Although not much is known about the transcriptional control of the other sirtuins, gain-of-function studies in mice revealed that SIRT3 expression is activated by oestrogen-related receptor-α (ERRα), a nuclear receptor that controls mitochondrial function. Together with PGC1α, ERRα binds to the Sirt3 promoter and controls the expression of genes involved in brown adipose tissue development and function77. Whether changes in physiology affect Sirt3 transcriptional regulation is not clear at present, as illustrated by the fact that Sirt3 mRNA expression in mice increased after 1 week of high-fat diet but decreased after 13 weeks of being fed the same diet50.

Regulation by post-translational modifications. Regulation of sirtuin activity by post-translational modifications is poorly understood. Several phosphorylation sites on SIRT1 have been identified78. SIRT1 is phosphorylated in vitro by the cyclin B–CDK1 (cyclin-dependent kinase 1) complex, which binds SIRT1, and mutation of the phosphorylation sites disturbs normal cell cycle progression78 (Fig. 1b). JUN N-terminal kinase (JNK) also phosphorylates SIRT1 at three residues, particularly during oxidative stress79; this results in deacetylation of histone H3, but not of p53 (Ref. 79), suggesting that phosphorylation directs SIRT1 to specific targets (Fig. 1b). In addition, the dual specificity Tyr-phosphorylated and regulated kinases DYRK1 and DYRK3 phosphorylate SIRT1 at Thr522 (Ref. 80). This activating phosphorylation event leads to enhanced SIRT1-mediated p53 deacetylation and prevents apoptosis within the context of genotoxic stress80 (Fig. 1b).

SIRT1 has also been shown to be sumoylated, which in cultured cells increases its activity81. Following genotoxic stress, for example ultraviolet light or hydrogen peroxide, the desumoylating enzyme sentrin-specific protease (SENP) inactivates SIRT1, promoting cell death81 (Fig. 1b). It is tempting to speculate that such conditions also activate the PARP enzymes, a family of major NAD+ consumers, thereby depleting NAD+ levels and inhibiting SIRT1 activity82. It would be interesting to explore whether these two events occur simultaneously.

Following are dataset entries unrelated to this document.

(* (i) For every even $n$ and every integer $k$ with $4\le k\le n$, every one-factorization of $K_n$ has a set $S$ of $k$ vertices with deficit $D(S)\ge k-3$. (ii) For every integer $d\ge -2$ there are $C>0$ and $n_0$ such that for every even $n\ge n_0$, every one-factorization of $K_n$ has a set $S$ of $k\le C\log n$ vertices (for some $k\ge1$) with deficit $D(S)\ge k+d$.
   Context: A one-factorization of $K_n$ ($n$ even) is a proper edge-coloring of $K_n$ with $n-1$ colors, so each color class is a perfect matching. For a set $S$ of vertices, $\gamma(S)$ is the number of distinct colors appearing on edges with both endpoints in $S$, and the deficit of $S$ is $D(S)=\binom{|S|}{2}-\gamma(S)$. *)

theory Defs
  imports "HOL-Analysis.Analysis"
begin

text \<open>The complete graph K_n has vertex set {0..<n}. An edge colouring is a
function c on ordered pairs of vertices, required to be symmetric; c x y is
the colour of the edge {x,y} for x \<noteq> y (values on the diagonal are irrelevant).\<close>

definition one_factorization :: "nat \<Rightarrow> (nat \<Rightarrow> nat \<Rightarrow> nat) \<Rightarrow> bool" where
  "one_factorization n c \<longleftrightarrow>
     (\<forall>x<n. \<forall>y<n. x \<noteq> y \<longrightarrow> c x y = c y x) \<and>
     (\<forall>x<n. \<forall>y<n. x \<noteq> y \<longrightarrow> c x y < n - 1) \<and>
     (\<forall>x<n. \<forall>y<n. \<forall>z<n. x \<noteq> y \<and> x \<noteq> z \<and> y \<noteq> z \<longrightarrow> c x y \<noteq> c x z)"

definition colours_in :: "(nat \<Rightarrow> nat \<Rightarrow> nat) \<Rightarrow> nat set \<Rightarrow> nat set" where
  "colours_in c S = {c x y | x y. x \<in> S \<and> y \<in> S \<and> x \<noteq> y}"

definition gamma :: "(nat \<Rightarrow> nat \<Rightarrow> nat) \<Rightarrow> nat set \<Rightarrow> nat" where
  "gamma c S = card (colours_in c S)"

definition deficit :: "(nat \<Rightarrow> nat \<Rightarrow> nat) \<Rightarrow> nat set \<Rightarrow> int" where
  "deficit c S = int (card S choose 2) - int (gamma c S)"

end

theory Submission
  imports Defs "HOL-Library.Ramsey" "HOL-Library.Log_Nat"
begin

text \<open>
(i) Grow S one vertex at a time, keeping D(S) \<ge> |S| - 3. Fix s \<in> S. If every colour inside S
already occurs on an edge of S at s, then S has at most |S| - 1 colours and D(S) \<ge> |S| - 2, which
survives adding any vertex. Otherwise some colour of S is missing at s inside S; adding the
partner z of s in that colour creates an edge zs of an old colour, so D grows by at least one.

(ii) The edges of the t smallest colours form a t-regular graph. Grow a breadth-first tree from a
vertex. If the ball of radius R \<approx> log n contains Q + 1 non-tree edges, their tree paths to the root
span a set X of O(Q log n) vertices with at least |X| + Q low edges; otherwise the ball doubles at
every step, which is impossible beyond radius log n. As the low edges of X use at most t colours,
D(X) \<ge> e(X) - t \<ge> |X| + Q - t, which is |X| + d for Q = t + d.
\<close>

lemma one_factorization_sym:
  "one_factorization n c \<Longrightarrow> x < n \<Longrightarrow> y < n \<Longrightarrow> x \<noteq> y \<Longrightarrow> c x y = c y x"
  unfolding one_factorization_def by blast

lemma one_factorization_bij_betw:
  assumes "one_factorization n c" "x < n"
  shows "bij_betw (c x) ({0..<n} - {x}) {0..<n - 1}"
proof -
  have inj: "inj_on (c x) ({0..<n} - {x})"
    using assms unfolding one_factorization_def inj_on_def by (metis Diff_iff atLeastLessThan_iff singletonI)
  moreover have "c x ` ({0..<n} - {x}) \<subseteq> {0..<n - 1}"
    using assms unfolding one_factorization_def by fastforce
  moreover have "card (c x ` ({0..<n} - {x})) = card {0..<n - 1}"
    using card_image[OF inj] assms(2) by simp
  ultimately show ?thesis
    unfolding bij_betw_def by (simp add: card_subset_eq)
qed

lemma one_factorization_partner:
  assumes "one_factorization n c" "x < n" "col < n - 1"
  obtains z where "z < n" "z \<noteq> x" "c x z = col"
proof -
  have "col \<in> {0..<n - 1}"
    using assms(3) by simp
  then have "col \<in> c x ` ({0..<n} - {x})"
    unfolding bij_betw_imp_surj_on[OF one_factorization_bij_betw[OF assms(1,2)]] .
  then obtain z where "z \<in> {0..<n} - {x}" "col = c x z" ..
  then show ?thesis
    using that[of z] by simp
qed

lemma one_factorization_colour_less:
  "one_factorization n c \<Longrightarrow> x < n \<Longrightarrow> y < n \<Longrightarrow> x \<noteq> y \<Longrightarrow> c x y < n - 1"
  unfolding one_factorization_def by blast

section \<open>Growing a set one vertex at a time\<close>

lemma finite_colours_in: "finite S \<Longrightarrow> finite (colours_in c S)"
  unfolding colours_in_def by (rule finite_subset[of _ "(\<lambda>(x, y). c x y) ` (S \<times> S)"]) auto

lemma colours_in_insert:
  assumes "one_factorization n c" "S \<subseteq> {0..<n}" "v < n" "v \<notin> S"
  shows "colours_in c (insert v S) = colours_in c S \<union> c v ` S"
proof -
  have "c x v = c v x" if "x \<in> S" for x
    using one_factorization_sym[OF assms(1), of x v] that assms by fastforce
  then show ?thesis
    using assms(4) unfolding colours_in_def by blast
qed

lemma deficit_insert:
  assumes "one_factorization n c" "S \<subseteq> {0..<n}" "v < n" "v \<notin> S"
  shows "deficit c (insert v S) = deficit c S + int (card S) - int (card (c v ` S - colours_in c S))"
proof -
  have fin: "finite S"
    using assms(2) finite_subset by blast
  have "gamma c (insert v S) = card (colours_in c S \<union> (c v ` S - colours_in c S))"
    unfolding gamma_def colours_in_insert[OF assms] by (simp add: Un_Diff_cancel)
  also have "\<dots> = gamma c S + card (c v ` S - colours_in c S)"
    unfolding gamma_def by (rule card_Un_disjoint) (auto intro: finite_colours_in fin)
  finally show ?thesis
    using fin assms(4) unfolding deficit_def by (simp add: numeral_2_eq_2)
qed

lemma deficit_insert_mono:
  assumes "one_factorization n c" "S \<subseteq> {0..<n}" "v < n" "v \<notin> S"
  shows "deficit c S \<le> deficit c (insert v S)"
proof -
  have fin: "finite S"
    using assms(2) finite_subset by blast
  have "card (c v ` S - colours_in c S) \<le> card (c v ` S)"
    using fin by (intro card_mono) auto
  also have "\<dots> \<le> card S"
    by (rule card_image_le[OF fin])
  finally show ?thesis
    unfolding deficit_insert[OF assms] by simp
qed

lemma double_le_choose_two_plus_3: "2 * k \<le> (k choose 2) + 3"
proof (induction k)
  case (Suc k)
  have "Suc k choose 2 = (k choose 2) + k"
    by (simp add: numeral_2_eq_2)
  then show ?case
    using Suc.IH by (cases "k \<le> 1") auto
qed simp

lemma deficit_ge_if_colours_at_vertex:
  assumes "finite S" "s \<in> S" "colours_in c S \<subseteq> c s ` (S - {s})"
  shows "int (card S) - 2 \<le> deficit c S"
proof -
  have "gamma c S \<le> card (c s ` (S - {s}))"
    unfolding gamma_def using assms(1,3) by (intro card_mono) auto
  also have "\<dots> \<le> card (S - {s})"
    by (rule card_image_le) (use assms(1) in simp)
  also have "\<dots> < card S"
    using assms(1,2) by (rule card_Diff1_less)
  finally have "int (gamma c S) + 1 \<le> int (card S)"
    by linarith
  then show ?thesis
    unfolding deficit_def using double_le_choose_two_plus_3[of "card S"] by linarith
qed

lemma deficit_insert_partner:
  assumes of: "one_factorization n c" and S: "S \<subseteq> {0..<n}" "s \<in> S"
    and col: "col \<in> colours_in c S" "col \<notin> c s ` (S - {s})"
  obtains z where "z < n" "z \<notin> S" "deficit c S + 1 \<le> deficit c (insert z S)"
proof -
  have fin: "finite S"
    using S(1) finite_subset by blast
  obtain x y where xy: "x \<in> S" "y \<in> S" "x \<noteq> y" "col = c x y"
    using col(1) unfolding colours_in_def by blast
  moreover have "x < n" "y < n"
    using xy S(1) by auto
  ultimately have "col < n - 1"
    using one_factorization_colour_less[OF of] by blast
  moreover have "s < n"
    using S by auto
  ultimately obtain z where z: "z < n" "z \<noteq> s" "c s z = col"
    using one_factorization_partner[OF of] by blast
  have "z \<notin> S"
    using z col(2) by auto
  have "c z s = col"
    using z one_factorization_sym[OF of, of s z] S by auto
  then have "c z ` S - colours_in c S \<subseteq> c z ` (S - {s})"
    using col(1) by auto
  then have "card (c z ` S - colours_in c S) \<le> card (c z ` (S - {s}))"
    using fin by (intro card_mono) auto
  also have "\<dots> \<le> card (S - {s})"
    using fin by (intro card_image_le) simp
  also have "\<dots> < card S"
    using fin S(2) by (rule card_Diff1_less)
  finally have "deficit c S + 1 \<le> deficit c (insert z S)"
    unfolding deficit_insert[OF of S(1) z(1) \<open>z \<notin> S\<close>] by simp
  with z(1) \<open>z \<notin> S\<close> show ?thesis ..
qed

lemma exists_insert_deficit_ge:
  assumes of: "one_factorization n c" and S: "S \<subseteq> {0..<n}" "S \<noteq> {}" "card S < n"
    and deficit: "int (card S) - 3 \<le> deficit c S"
  obtains z where "z < n" "z \<notin> S" "int (card S) - 2 \<le> deficit c (insert z S)"
proof -
  have fin: "finite S"
    using S(1) finite_subset by blast
  obtain s where s: "s \<in> S"
    using S(2) by blast
  show ?thesis
  proof (cases "colours_in c S \<subseteq> c s ` (S - {s})")
    case True
    have "\<not> {0..<n} \<subseteq> S"
    proof
      assume "{0..<n} \<subseteq> S"
      then have "card {0..<n} \<le> card S"
        by (rule card_mono[OF fin])
      with S(3) show False
        by simp
    qed
    then obtain v where "v \<in> {0..<n}" "v \<notin> S"
      by blast
    then have v: "v < n" "v \<notin> S"
      by simp_all
    have "int (card S) - 2 \<le> deficit c (insert v S)"
      using deficit_ge_if_colours_at_vertex[OF fin s True] deficit_insert_mono[OF of S(1) v]
      by linarith
    with v show ?thesis
      by (rule that)
  next
    case False
    then obtain col where "col \<in> colours_in c S" "col \<notin> c s ` (S - {s})"
      by blast
    from deficit_insert_partner[OF of S(1) s this] obtain z
      where z: "z < n" "z \<notin> S" "deficit c S + 1 \<le> deficit c (insert z S)" .
    moreover have "int (card S) - 2 \<le> deficit c (insert z S)"
      using z(3) deficit by linarith
    ultimately show ?thesis
      using that by blast
  qed
qed

lemma exists_subset_deficit_ge:
  assumes of: "one_factorization n c" and k: "1 \<le> k" "k \<le> n"
  shows "\<exists>S \<subseteq> {0..<n}. card S = k \<and> int k - 3 \<le> deficit c S"
  using k
proof (induction k rule: nat_induct_at_least)
  case base
  have "deficit c {0} = 0"
    unfolding deficit_def gamma_def colours_in_def by simp
  then show ?case
    using base by (intro exI[of _ "{0}"]) auto
next
  case (Suc k)
  then obtain S where S: "S \<subseteq> {0..<n}" "card S = k" "int (card S) - 3 \<le> deficit c S"
    by auto
  moreover have "S \<noteq> {}" "card S < n"
    using S(2) Suc.hyps Suc.prems by auto
  ultimately obtain z where z: "z < n" "z \<notin> S" "int (card S) - 2 \<le> deficit c (insert z S)"
    using exists_insert_deficit_ge[OF of] by blast
  have "insert z S \<subseteq> {0..<n}" "card (insert z S) = Suc k"
    using S(1,2) z(1,2) finite_subset[OF S(1)] by auto
  moreover have "int (Suc k) - 3 \<le> deficit c (insert z S)"
    using z(3) S(2) by simp
  ultimately show ?case
    by blast
qed

section \<open>Breadth-first search trees\<close>

locale rooted_graph =
  fixes n :: nat and adj :: "nat \<Rightarrow> nat \<Rightarrow> bool" and root :: nat
  assumes adj_sym: "adj x y \<Longrightarrow> adj y x"
    and adj_less: "adj x y \<Longrightarrow> x < n"
    and adj_irrefl: "\<not> adj x x"
    and root_less: "root < n"
begin

primrec ball :: "nat \<Rightarrow> nat set" where
  "ball 0 = {root}"
| "ball (Suc j) = ball j \<union> {y. \<exists>x\<in>ball j. adj x y}"

definition depth :: "nat \<Rightarrow> nat" where
  "depth x = (LEAST j. x \<in> ball j)"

Regulation by complex formation. Sirtuins are further regulated by forming complexes with other proteins. AROS (active regulator of SIRT1) is the only protein known to positively regulate SIRT1 following complex formation, which leads to suppression of the SIRT1 target p53 (Ref. 83).

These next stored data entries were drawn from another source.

(* For every $L\le n^2$, let $N(L)$ be the number of distinct $n$-operators $f:\{0,1\}^n\to\{0,1\}^n$ computable by a circuit with at most $L$ wires. Then $$\log_2 N(L)\le 2n^2\,4^{L/n}+n\,2^{n-1}+O(n^2\log_2 n),$$ where the constant in the $O(\cdot)$ term is absolute.
   Context: An $n$-operator is a map $f=(f_1,\dots,f_n):\{0,1\}^n\to\{0,1\}^n$. A (general) circuit is a directed acyclic graph with $n$ input nodes $x_1,\dots,x_n$ (of fanin $0$) and $n$ designated output nodes $y_1,\dots,y_n$. Each non-input node may compute an arbitrary boolean function of the values at its in-neighbours, and there is no restriction on fanin or fanout. The circuit computes $f$ if, for every $i$, the function computed at $y_i$ is $f_i$. The number of wires of a circuit is its number of edges. *)

theory Defs
  imports Complex_Main
begin

text \<open>Nodes are numbered 0,1,...,n+m-1 where
  nodes 0..n-1 are the inputs x_1..x_n and nodes n..n+m-1 are the non-input nodes
  (gates), listed in a topological order (every DAG admits one).  preds v is the
  list of in-neighbours of gate v (distinct, each smaller than v, so the graph is
  acyclic); gfun v is the arbitrary boolean function computed at v from the values
  of its in-neighbours; outs i is the node designated as output y_(i+1).\<close>

record circuit =
  ngates :: nat
  preds :: "nat \<Rightarrow> nat list"
  gfun :: "nat \<Rightarrow> bool list \<Rightarrow> bool"
  outs :: "nat \<Rightarrow> nat"

definition wf_circuit :: "nat \<Rightarrow> circuit \<Rightarrow> bool" where
  "wf_circuit n C \<longleftrightarrow>
     (\<forall>v. n \<le> v \<and> v < n + ngates C \<longrightarrow>
          distinct (preds C v) \<and> (\<forall>u\<in>set (preds C v). u < v)) \<and>
     (\<forall>i<n. outs C i < n + ngates C)"

definition wires :: "nat \<Rightarrow> circuit \<Rightarrow> nat" where
  "wires n C = (\<Sum>v\<in>{n..<n + ngates C}. length (preds C v))"

fun node_val :: "nat \<Rightarrow> circuit \<Rightarrow> bool list \<Rightarrow> nat \<Rightarrow> bool" where
  "node_val n C xs v =
     (if v < n then xs ! v
      else gfun C v (map (node_val n C xs) (filter (\<lambda>u. u < v) (preds C v))))"

text \<open>The n-operator {0,1}^n -> {0,1}^n computed by C (inputs/outputs as bool lists of
  length n; the function is fixed to [] outside its domain so that equality of
  operators is equality on {0,1}^n).\<close>
definition computed_op :: "nat \<Rightarrow> circuit \<Rightarrow> bool list \<Rightarrow> bool list" where
  "computed_op n C = (\<lambda>xs. if length xs = n
        then map (\<lambda>i. node_val n C xs (outs C i)) [0..<n] else [])"

definition N_ops :: "nat \<Rightarrow> nat \<Rightarrow> nat" where
  "N_ops n L = card {computed_op n C | C. wf_circuit n C \<and> wires n C \<le> L}"

end

theory Submission
  imports Defs
begin

(* The proof is a counting argument.  Every well-formed circuit is mapped to a code word
   (encode): the labels of the n output nodes, followed by a description of every gate
   of positive fanin, consisting of the labels of its in-neighbours and a bit table of
   length 2^min(fanin, n).  A decoding lemma shows that the code determines the computed
   operator, so N(L) is at most the number of code words of circuits with at most L
   wires.  These are counted with a general bound on lists of weighted items, which
   gives N(L) <= M^n (L+1)^(L+1) M^L 2^(L 2^n / n) with M = n + 2 + L, because the tables
   of gates of total fanin at most L contain at most L 2^n / n bits.  For n >= 2 and
   L <= n^2 the polynomial factors are at most n^(16 n^2), and an elementary estimate
   bounds L 2^n / n by 2 n^2 4^(L/n) + n 2^(n-1).  The case n = 1 follows from the
   trivial bound 2^(n 2^n) on the number of all n-operators. *)

(* The defining equation of node_val unfolds recursively; it is used only through
   node_val_input and node_val_gate below. *)
declare node_val.simps [simp del]

definition truth_table :: "nat \<Rightarrow> (bool list \<Rightarrow> 'a) \<Rightarrow> 'a list" where
  "truth_table k f = map f (List.n_lists k [True, False])"

lemma length_truth_table [simp]: "length (truth_table k f) = 2 ^ k"
  by (simp add: truth_table_def length_n_lists numeral_2_eq_2)

lemma truth_table_eqD:
  assumes "truth_table k f = truth_table k g" and "length bs = k"
  shows "f bs = g bs"
proof -
  have "bs \<in> set (List.n_lists k [True, False])"
    using assms(2) by (auto simp: set_n_lists)
  then show ?thesis
    using assms(1) unfolding truth_table_def by simp
qed

(* Position of an element in a list (meaningful for distinct lists). *)
definition index_of :: "'a list \<Rightarrow> 'a \<Rightarrow> nat" where
  "index_of xs x = (THE i. i < length xs \<and> xs ! i = x)"

lemma index_of_nth:
  assumes "distinct xs" and "x \<in> set xs"
  shows "index_of xs x < length xs \<and> xs ! index_of xs x = x"
proof -
  obtain i where i: "i < length xs" "xs ! i = x"
    using assms(2) by (auto simp: in_set_conv_nth)
  have unique: "j = i" if "j < length xs \<and> xs ! j = x" for j
    using nth_eq_iff_index_eq[OF assms(1) _ i(1), of j] that i(2) by simp
  have "index_of xs x = i"
    unfolding index_of_def using i by (intro the_equality[OF _ unique]) simp_all
  then show ?thesis using i by simp
qed

(* Gates of fanin 0 are constants.  The remaining
   (proper) gates are listed in increasing order; a node is named by its label: an input
   by its index, a constant gate by n or n+1 according to its value, and a proper gate
   by n+2 plus its position in the list.  A proper gate of fanin k is described by the
   labels of its in-neighbours and a table of 2^min(k,n) bits: the truth table of its
   gate function if k < n, and otherwise the truth table of the operator-coordinate it
   computes as a function of the n inputs. *)
definition proper_gates :: "nat \<Rightarrow> circuit \<Rightarrow> nat set" where
  "proper_gates n C = {v. n \<le> v \<and> v < n + ngates C \<and> preds C v \<noteq> []}"

definition gate_list :: "nat \<Rightarrow> circuit \<Rightarrow> nat list" where
  "gate_list n C = sorted_list_of_set (proper_gates n C)"

definition label :: "nat \<Rightarrow> circuit \<Rightarrow> nat \<Rightarrow> nat" where
  "label n C u =
     (if u < n then u
      else if preds C u = [] then n + (if gfun C u [] then 1 else 0)
      else n + 2 + index_of (gate_list n C) u)"

definition gate_table :: "nat \<Rightarrow> circuit \<Rightarrow> nat \<Rightarrow> bool list" where
  "gate_table n C v =
     (if length (preds C v) < n then truth_table (length (preds C v)) (gfun C v)
      else truth_table n (\<lambda>xs. node_val n C xs v))"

By contrast, several negative regulators have been described. NCoR1 (nuclear receptor co-repressor 1) and SMRT (silencing mediator of retinoid and thyroid hormone receptors) form a complex with SIRT1 and PPARγ during fasting to repress the PPARγ-mediated induction of adipogenesis84 (Fig. 1c).

DBC1 (deleted in breast cancer 1) binds the SIRT1 catalytic domain and inhibits its activity in vitro during genotoxic stress85,86 (Fig. 1c). The physiological relevance of the DBC1–SIRT1 complex was confirmed, as complex formation was inhibited during fasting but increased in mice kept on a high-fat diet87. Consistent with this, deletion of Dbc1 resulted in protection against high-fat-diet-induced hepatic steatosis, even though these mice were, surprisingly, slightly heavier than control littermates87.

The histone methyltransferase LSD1 (Lys-specific demethylase 1) also interacts with the SIRT1 catalytic domain to regulate the expression of downstream Notch target genes88. SIRT1-mediated deacetylation of both H4K16 and H1K26, in conjunction with LSD1-mediated demethylation of H3K4, results in convergent repression of Notch target genes88 (Fig. 1c). As such, the abnormal wing development of Drosophila melanogaster Notch mutants can be rescued by deletion of either Sir2 or Lsd1 (Ref. 88) (the fly orthologues of SIRT1 and LSD1, respectively).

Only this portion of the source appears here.